Bionote: Koen Kerremans obtained his Master's degree in Germanic Philology at Universiteit Antwerpen in 2001, his Master's degree in Language Sciences - with a major in computational linguistics - at Universiteit Gent in 2002 and his PhD degree in Applied Linguistics at Vrije Universiteit Brussel in 2014. His research interests pertain to applied linguistics, language technologies, ontologies, specialised communication, terminology (variation) and translation studies. He is currently appointed as doctor-assistant at the department of Applied Linguistics (Faculty of Arts and Philosophy) of Vrije Universiteit Brussel (VUB) where he teaches courses on applied linguistics, terminology and culture-specific communication.

PAPER 4:

Title: Cohesive chains in an English-German parallel corpus: Methodologies and challenges

Speaker: Kerstin Kunz, University of Heidelberg (Germany); Ekaterina Lapshinova-Koltunski, Saarland University (Germany) and Stefania Degaetano-Ortlieb, Saarland University (Germany)

Abstract: The current paper discusses methodological challenges in analyzing cohesive relations with corpus-based procedures. It is based on research aiming at the comparison of English and German cohesion in written and spoken language and in originals and translations. For this objective, methodologies are developed that enable a fine-grained and precise analysis of different cohesive aspects in a representative corpus and that yield results for data interpretation within the duration of the project. Thus, methodologies have to be elaborate and cost effective at the same time.

We use an English-German comparable and parallel corpus which is pre-annotated on various grammatical levels and which has been enriched semi-automatically with information on cohesive devices of reference, conjunction, substitution and ellipsis.
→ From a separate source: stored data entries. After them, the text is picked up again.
text \<open>Orbit-stabilizer: all fibres of \<open>\<sigma> \<mapsto> \<sigma>\<xi>\<close> over the orbit have the same size
  (left multiplication by a transporter is a bijection between them).\<close>

lemma card_transporters:
  assumes \<xi>: "\<xi> \<in> {..<N} \<rightarrow>\<^sub>E UNIV" and v: "v \<in> orbit N \<xi>"
  shows "card (transporters N \<xi> v) = card (transporters N \<xi> \<xi>)"
proof -
  obtain \<sigma>0 where s0: "\<sigma>0 permutes {..<N}" and v: "v = perm_act N \<sigma>0 \<xi>"
    using v by (auto simp: orbit_def perms_def)
  have is0: "inv \<sigma>0 permutes {..<N}" using s0 by (rule permutes_inv)
  have "bij_betw (\<lambda>\<tau>. \<sigma>0 \<circ> \<tau>) (transporters N \<xi> \<xi>) (transporters N \<xi> v)"
  proof (rule bij_betw_byWitness[where f'="\<lambda>\<rho>. inv \<sigma>0 \<circ> \<rho>"])
    show "\<forall>a\<in>transporters N \<xi> \<xi>. inv \<sigma>0 \<circ> (\<sigma>0 \<circ> a) = a"
      using s0 by (simp add: o_assoc permutes_inv_o)
    show "\<forall>a\<in>transporters N \<xi> v. \<sigma>0 \<circ> (inv \<sigma>0 \<circ> a) = a"
      using s0 by (simp add: o_assoc permutes_inv_o)
    show "(\<circ>) \<sigma>0 ` transporters N \<xi> \<xi> \<subseteq> transporters N \<xi> v"
    proof
      fix r assume "r \<in> (\<circ>) \<sigma>0 ` transporters N \<xi> \<xi>"
      then obtain \<tau> where r: "r = \<sigma>0 \<circ> \<tau>" and t: "\<tau> permutes {..<N}"
        and te: "perm_act N \<tau> \<xi> = \<xi>"
        unfolding transporters_def perms_def by blast
      have "r permutes {..<N}" unfolding r by (rule permutes_compose[OF t s0])
      moreover have "perm_act N r \<xi> = v" unfolding r v perm_act_comp[OF s0 t] te ..
      ultimately show "r \<in> transporters N \<xi> v" unfolding transporters_def perms_def by blast
    qed
    show "(\<circ>) (inv \<sigma>0) ` transporters N \<xi> v \<subseteq> transporters N \<xi> \<xi>"
    proof
      fix r assume "r \<in> (\<circ>) (inv \<sigma>0) ` transporters N \<xi> v"
      then obtain \<tau> where r: "r = inv \<sigma>0 \<circ> \<tau>" and t: "\<tau> permutes {..<N}"
        and te: "perm_act N \<tau> \<xi> = v"
        unfolding transporters_def perms_def by blast
      have "r permutes {..<N}" unfolding r by (rule permutes_compose[OF t is0])
      moreover have "perm_act N r \<xi> = \<xi>" unfolding r perm_act_comp[OF is0 t] te v
        by (rule perm_act_inv_cancel[OF s0 \<xi>])
      ultimately show "r \<in> transporters N \<xi> \<xi>" unfolding transporters_def perms_def by blast
    qed
  qed
  thus ?thesis by (simp add: bij_betw_same_card)
qed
Our discussion will revolve around methodological challenges related to the current analysis of (1) co-reference and (2) lexical cohesion. The analysis of both types includes (a) identifying cohesive devices that function as explicit linguistic triggers (b) setting up a relation to the linguistic items with which they tie up (antecedents) and (c) integrating these ties into (longer) cohesive chains.
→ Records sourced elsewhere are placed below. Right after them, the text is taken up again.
theorem proposition2:
  fixes A1 A2 :: "real^'n^'n"
  assumes "stochastic A1" "undirected A1" "stochastic A2" "undirected A2"
  defines "A \<equiv> (\<lambda>k::nat. if k = 1 then A1 else A2)"
  shows "(\<forall>\<sigma>::nat \<Rightarrow> nat. range \<sigma> \<subseteq> {1, 2} \<longrightarrow> consensus_under A \<sigma>) \<longleftrightarrow>
         (consensus_under A (\<lambda>_. 1) \<and> consensus_under A (\<lambda>_. 2) \<and>
          consensus_under A (\<lambda>t. if even t then 1 else 2))"
proof
  assume "\<forall>\<sigma>::nat \<Rightarrow> nat. range \<sigma> \<subseteq> {1, 2} \<longrightarrow> consensus_under A \<sigma>"
  then show "consensus_under A (\<lambda>_. 1) \<and> consensus_under A (\<lambda>_. 2) \<and>
      consensus_under A (\<lambda>t. if even t then 1 else 2)"
    by (simp add: image_subset_iff)
next
  assume C: "consensus_under A (\<lambda>_. 1) \<and> consensus_under A (\<lambda>_. 2) \<and>
      consensus_under A (\<lambda>t. if even t then 1 else 2)"
  define R where "R b = pos_rel (A (if b then 1 else 2))" for b
  have stoch: "stochastic (A k)" for k
    using assms by (simp add: A_def)
  have "symmetric_total_pair R"
    using assms by unfold_locales (simp_all add: A_def R_def symp_pos_rel left_total_pos_rel)
  moreover have "\<exists>t. has_full_column (R b ^^ t)" for b
    using full_column_power_if_consensus_under_constant[of A, OF stoch] C
    by (cases b) (simp_all add: R_def)
  moreover have "\<exists>t. has_full_column ((R False OO R True) ^^ t)"
    using full_column_power_if_consensus_under_alternating[of A 1 2, OF stoch stoch] C
    unfolding R_def by simp
  ultimately have windows:
    "has_full_column (rel_prod (\<lambda>t. R (\<sigma> t = 1)) s CARD('n \<Rightarrow> 'n \<Rightarrow> bool))"
    for \<sigma> s by (rule has_full_column_rel_prod_window)
  have pos_rel_A: "pos_rel (A k) = R (k = 1)" for k
    by (simp add: A_def R_def)
  show "\<forall>\<sigma>::nat \<Rightarrow> nat. range \<sigma> \<subseteq> {1, 2} \<longrightarrow> consensus_under A \<sigma>"
  proof (intro allI impI)
    fix \<sigma> :: "nat \<Rightarrow> nat"
    have "finite (range (\<lambda>t. A (\<sigma> t)))"
      by (rule finite_subset[of _ "{A1, A2}"]) (auto simp: A_def)
    then show "consensus_under A \<sigma>"
      by (rule consensus_under_if_full_column_windows[of A, OF stoch])
        (unfold pos_rel_A, rule windows)
  qed
qed

end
The methodological steps involved are the following:

1) Designing an annotation scheme. Main challenges revolve around the conceptual distinction of relations between instantiated co-reference and sense relations (lexical cohesion), the definition of categories that fit for a bilingual analysis, the inter-relatedness of chains, the depth of the ontological hierarchy and the distance between chain elements.

2) Designing semi-automatic annotation procedures. The challenge is to combine automatic pre-annotation and manual revision in a cost effective way. Our annotation of co-reference is based on the automatic extraction of reference devices, their manual revision and the manual annotation of chain relations (outputs of automatic co-reference tools were to error-prone for pre-annotation of coreference chains). For the annotation of lexical cohesion, we intend to proceed in a similar way. Sense relations and chains are pre-annotated using existing resources, e.g. WordNet, and revised by human annotators to obtain most precise results.

3) Extracting and analysing information. The challenge here is to extract data relevant for our research objective, i.e. information on chain length, distance between elements in chains in combination with morpho-syntactic preferences of chain elements, as well as on alignment of translational equivalents of cohesive relations. Moreover, appropriate statistical evaluation techniques have to be applied for interpretations in terms of language contrast and properties of translation. After demonstrating these methodologies on the basis of initial results, the presentation will end with a discussion of open questions. While our main aim is to design methodologies for a contrastive comparison of English and German on the level of text/ discourse, we hope to lay the ground for new paths in NLP and in machine translation, in particular. Furthermore, available alignments provide an insight into shifts in cohesion between source and target texts and the translation strategies applied.

Bionote: Kerstin Kunz holds an interim professorship at the Institute of Translation and Interpreting at Heidelberg University where she teaches in several BA and MA programs. She finished her PhD on English-German Nominal Coreference in 2009. She has been involved in various empirical research projects on properties of translations and English German contrasts on the level of lexicogrammar and discourse. Together with Erich Steiner, she currently has a corpus-based project at Saarland University. The GECCo project explores different types of cohesive relations in English and German, contrasting languages, originals and translations as well as written and spoken registers.

PAPER 5:

Title: Testing target text cohesion: An attempt at machine learning model to predict acceptability of sentence boundaries in English-Russian translation

Speaker: Andrey Kutuzov, Linguistic Lab on Corpus Technologies, Higher School of Economics (Moscow, Russia) and Maria Kunilovskaya, Tyumen State University (Russia)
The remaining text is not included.